Anshika Rani has started 1 posts and replied 4 times.

Quote from @Dave Foster:

@Anshika Rani, Any loan that is recorded against the property must be paid off in order to sell the property.  In your example, if the $40K was recorded against the property then it has to be paid off.  However, that does not change your reinvestment requirements.

1. You must still purchase at least as much as your net sale ($180K ish).

2. You must use all of your cash proceeds to do so - ( $140K instead of $180K if the loan wasn't recorded).


 Thank you Dave. Does the realtors commission and other recordation cost gets backed out of the 1031 number requirement as well? So for example if the realtor fees is 9k in fees etc so 180k minus 9k= 171k investment requirement?

So something just ran through my mind here...If the fix and flippers can't do the 1031 exchange that means they are taxed as ordinary income. Which can be offset against SEC 179 and bonus depreciation assets if I am understanding this correctly?

Quote from @Brandon Bruckman:

180k or more can be purchased to complete the exchange (less any permissible selling expenses).  You would need to acquire the same amount of debt or add cash.  

In reading your post, you might have a bigger problem.  You can't 1031 exchange flips.  The property has to be held for investing purposes, not for sale.  
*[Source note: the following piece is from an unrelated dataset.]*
(* Let $S$ be a gcd-category and $a,b\in S$. (1) If $\mathrm{s}(a)=\mathrm{s}(b)$, the following are equivalent: $\varepsilon_S(a),\varepsilon_S(b)$ have a right lcm in $\mathrm{U_{mon}}(S)$; $\varepsilon_S(a),\varepsilon_S(b)$ have a common right multiple in $\mathrm{U_{mon}}(S)$; $a,b$ have a right lcm $a\vee b$ in $S$; $a,b$ have a common right multiple in $S$. When these hold, $\varepsilon_S(a\vee b)$ is the right lcm of $\varepsilon_S(a),\varepsilon_S(b)$. (2) Dually, if $\mathrm{t}(a)=\mathrm{t}(b)$, the following are equivalent: $\varepsilon_S(a),\varepsilon_S(b)$ have a left lcm in $\mathrm{U_{mon}}(S)$; they have a common left multiple there; $a,b$ have a left lcm $a\mathbin{\widetilde\vee} b$ in $S$; $a,b$ have a common left multiple in $S$; and then $\varepsilon_S(a\mathbin{\widetilde\vee} b)$ is the left lcm of $\varepsilon_S(a),\varepsilon_S(b)$.
   Context: Categories are arrow-only: a set $S$ with partial associative multiplication, identities $\mathrm{Id}\,S$, source/target identities $\mathrm{s}(x),\mathrm{t}(x)$. $\mathrm{U_{mon}}(S)$ is the monoid presented by generators $\varepsilon_S(x)$ ($x\in S$) and relations $\varepsilon_S(e)=1$ ($e\in\mathrm{Id}\,S$), $\varepsilon_S(x)\varepsilon_S(y)=\varepsilon_S(xy)$ whenever $xy$ is defined. In a category or monoid $C$, $a\leqslant_C b$ iff $b=ax$ for some $x$ ($b$ is a right multiple of $a$), and $a\mathbin{\widetilde\leqslant}_C b$ iff $b=xa$ for some $x$ ($b$ a left multiple of $a$). Right lcm = least upper bound for $\leqslant$; left lcm = least upper bound for $\mathbin{\widetilde\leqslant}$; left/right gcd = greatest lower bound for $\leqslant$/$\mathbin{\widetilde\leqslant}$. $S$ is conical if $xy\in\mathrm{Id}\,S$ implies $x\in\mathrm{Id}\,S$. A gcd-category is a conical, left and right cancellative category in which any two elements with the same source have a left gcd and any two elements with the same target have a right gcd. *)

theory Defs
  imports Main
begin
Thanks Brandon and Bill. We have held it for a few years as investment so that should work out from that view for a 1031? 

Hello Everyone,

New to the forum but not new to real estate :). We are rehabbing a property right now for flip and putting in almost $40,000 into it as a loan through one of our own sister companies with an actual loan agreement and interest terms. 

What happens to this loan that we take for the rehab after we sell the property before we do the 1031 exchange? Do we have the ability to pay out this loan from escrow once the property sells? 

Or 

Do we have to keep paying that loan out of our own pocket even when we do the 1031 exchange? 

So for example if the property is bought for $50,000 and we put in $40,000 into it now on the cost basis is around $90,000. But if we sell the property for 180 K. We need to pay back the lender. Can we pay back the lender from the sale price and still buy the next property for 180K minus 40K that is 140K or does the new property has to be 180K regardless of the fact that we have to pay pay the lender or not?

Let me know if further clarification is needed. Thanks.